Interestingly, there are no historical accounts of any large scale conversions or Eastern European groups entering the Jewish community at this time – except the Khazars.
Additionally, given the relatively late date of introgression and the large number of founders, these males must have already been very closely related to each other, sharing the R1a1 haplotypes that are later reflected in the Levite results. Behar (2003) noted that the lack of Levite R1a1 haplotype diversity suggested that all the founding lineages were very closely related to each other if, in fact, a large number of founding lineages contributed to the Levite R1a1 gene pool. The ancient reports on the Khazars indicate that the majority of the Jewish converts were from the Khazarian royalty and ruling classes (Koestler 1976, p.15). Although speculative, it seems likely this group would have intermarried heavily amongst itself, helping to preserve the group’s elite status. Thus, it is probable that they would have already possessed a set of closely related R1a1 haplotypes which they simply passed on to their Levite descendants.

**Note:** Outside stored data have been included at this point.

lemma orthonormal_frame_spans:
  fixes e :: "nat \<Rightarrow> real^'n::finite"
  assumes orth: "\<forall>i\<in>{1..CARD('n)}. \<forall>j\<in>{1..CARD('n)}. bform hc (e i) (e j) = (if i = j then 1 else 0)"
  shows "\<exists>c. y = (\<Sum>i\<in>{1..CARD('n)}. c i *\<^sub>R e i)"
proof -
  define I where "I = {1..CARD('n)}"
  have fin: "finite (e ` I)" unfolding I_def by simp
  have inj: "inj_on e I"
  proof (rule inj_onI)
    fix i j assume ij: "i \<in> I" "j \<in> I" "e i = e j"
    then have "bform hc (e i) (e j) = 1" using orth unfolding I_def by auto
    then show "i = j" using orth ij(1,2) unfolding I_def by (auto split: if_splits)
  qed
  have "independent (e ` I)"
    unfolding eucl.independent_explicit
  proof (intro conjI finite_imageI allI impI ballI)
    fix c v assume zero: "(\<Sum>v\<in>e ` I. c v *\<^sub>R v) = 0" and "v \<in> e ` I"
    then obtain j where j: "j \<in> I" "v = e j" by auto
    have "c (e j) = bform hc (\<Sum>i\<in>I. c (e i) *\<^sub>R e i) (e j)"
      by (rule bform_orthonormal_sum[symmetric]) (use orth j in \<open>auto simp: I_def\<close>)
    also have "\<dots> = 0" using zero by (simp add: sum.reindex[OF inj] bform_def)
    finally show "c v = 0" using j by simp
  qed (simp add: I_def)
  moreover have "card (e ` I) = CARD('n)" using card_image[OF inj] by (simp add: I_def)
  ultimately have "y \<in> span (e ` I)"
    using eucl.card_eq_dim[of "e ` I" UNIV] fin by auto
  then obtain c where "y = (\<Sum>v\<in>e ` I. c v *\<^sub>R v)" using real_vector.span_finite[OF fin] by auto
  then have "y = (\<Sum>i\<in>I. c (e i) *\<^sub>R e i)" by (simp add: sum.reindex[OF inj])
  then show ?thesis unfolding I_def by (rule exI[where x = "\<lambda>i. c (e i)"])
qed

lemma orthonormal_expansion:
  fixes e :: "nat \<Rightarrow> real^'n::finite"
  assumes orth: "\<forall>i\<in>{1..CARD('n)}. \<forall>j\<in>{1..CARD('n)}. bform hc (e i) (e j) = (if i = j then 1 else 0)"
  shows "y = (\<Sum>i\<in>{1..CARD('n)}. bform hc y (e i) *\<^sub>R e i)"
proof -
  obtain c where "y = (\<Sum>i\<in>{1..CARD('n)}. c i *\<^sub>R e i)"
    using orthonormal_frame_spans[OF orth] by blast
  moreover have "bform hc (\<Sum>i\<in>{1..CARD('n)}. c i *\<^sub>R e i) (e j) = c j" if "j \<in> {1..CARD('n)}" for j
    by (rule bform_orthonormal_sum) (use orth that in auto)
  ultimately show ?thesis by simp
qed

Integration into the Levite priesthood would have secured for the Khazarian immigrants a place in their new community while helping them maintain a sense of elite status among a new people. Yet it is clear that the Khazars had become Jews long before they became part of the larger Ashkenazi community. Thus, it should not be surprising that six hundred years after their reported conversion, the Ashkenazim may have accorded them a special role among their Levite priesthood.

Haplogroup R1b is the most frequently occurring Y-chromosome haplogroup in Western Europe, where frequencies of 70% or more have been found in populations from Ireland, Spain, and the Netherlands. Haplogroup R1b has probably entered the Sephardic Jews first when they were living in the Iberian Peninsula. It is also more present in Western European Ashkenazim than in Eastern European Ashkenazim. Haplogroup R1b is more present in Dutch Jews than in any other Jewish population, probably because of religious tolerance in the Netherlands and a higher rate of intermarriage.

Conclusions
1. The Jews are a heterogeneous group.
2. What the Jews have in common is more ideological than genetical.
3. The Jews share a lot of genes with other ethnic groups, like the Palestinians, the Arabs, the Turks, the Greeks, the Italians, and several other European groups.